(* Let $(\mathcal A,X,\alpha)$ be a PTS of type $\diamond\in\{0,*,\omega,\infty\}$. For every $x\in X$ the defining equations of the trace determine a well-defined $\sigma$-finite pre-measure $\mathbf{tr}(x):\mathcal S_\diamond\to[0,1]$, and its unique extension to a measure on $\sigma(\mathcal S_\diamond)$ is a sub-probability measure; for $\diamond\in\{\omega,\infty\}$ it is a probability measure.
   Context: $\mathcal A$ is a finite alphabet with $\sigma$-algebra $\mathcal P(\mathcal A)$; $\mathbf 1=\{\checkmark\}$; products carry product $\sigma$-algebras and disjoint unions the disjoint-union $\sigma$-algebra. $\mathbb S(Y)$ / $\mathbb P(Y)$: sub-probability / probability measures on $\Sigma_Y$, measurable structure generated by evaluation maps $P\mapsto P(S)$. A PTS of type $\diamond$ is $(\mathcal A,X,\alpha)$ with $X$ a measurable space and $\alpha$ a measurable map $X\to\mathbb S(\mathcal A\times X)$ (type $0$), $X\to\mathbb S(\mathcal A\times X+\mathbf 1)$ (type $*$), $X\to\mathbb P(\mathcal A\times X)$ (type $\omega$), $X\to\mathbb P(\mathcal A\times X+\mathbf 1)$ (type $\infty$). $\mathbf P_a(x,S):=\alpha(x)(\{a\}\times S)$ for $S\in\Sigma_X$. Words: $\mathcal A^*,\mathcal A^\omega$ finite/infinite words, $\mathcal A^\infty=\mathcal A^*\cup\mathcal A^\omega$, $\mathcal A^0:=\emptyset$ for type $0$ (carrier), $\sqsubseteq$ prefix; $C_\omega(u)=\{v\in\mathcal A^\omega:u\sqsubseteq v\}$, $C_\infty(u)=\{v\in\mathcal A^\infty:u\sqsubseteq v\}$. Semirings: $\mathcal S_0=\{\emptyset\}$ on $\emptyset$, $\mathcal S_*=\{\emptyset\}\cup\{\{u\}:u\in\mathcal A^*\}$, $\mathcal S_\omega=\{\emptyset\}\cup\{C_\omega(u):u\in\mathcal A^*\}$, $\mathcal S_\infty=\{\emptyset\}\cup\{\{u\}\}_{u\in\mathcal A^*}\cup\{C_\infty(u)\}_{u\in\mathcal A^*}$. Trace equations: $\mathbf{tr}(x)(\emptyset)=0$; for $\diamond\in\{*,\infty\}$: $\mathbf{tr}(x)(\{\epsilon\})=\alpha(x)(\mathbf 1)$ and $\mathbf{tr}(x)(\{au\})=\int_{x'\in X}\mathbf{tr}(x')(\{u\})\,d\mathbf P_a(x,x')$; for $\diamond\in\{\omega,\infty\}$: $\mathbf{tr}(x)(C_\diamond(\epsilon))=1$ and $\mathbf{tr}(x)(C_\diamond(au))=\int_{x'\in X}\mathbf{tr}(x')(C_\diamond(u))\,d\mathbf P_a(x,x')$, for all $a\in\mathcal A$, $u\in\mathcal A^*$. A pre-measure on a semiring is a map into $[0,\infty]$ vanishing on $\emptyset$ and $\sigma$-additive (on countable disjoint families whose union lies in the semiring); $\sigma$-finite means some countable cover by members of finite measure exists. *)

theory Defs
  imports "HOL-Probability.Probability" "HOL-Library.Stream"
begin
===============
WHAT IS REQUIRED:
Find the line with "theory Defs". Transcribe it and every line after it exactly, through the end of the records above, and nothing else.

RESULT OF THE EXERCISE:
theory Defs
  imports "HOL-Probability.Probability" "HOL-Library.Stream"
begin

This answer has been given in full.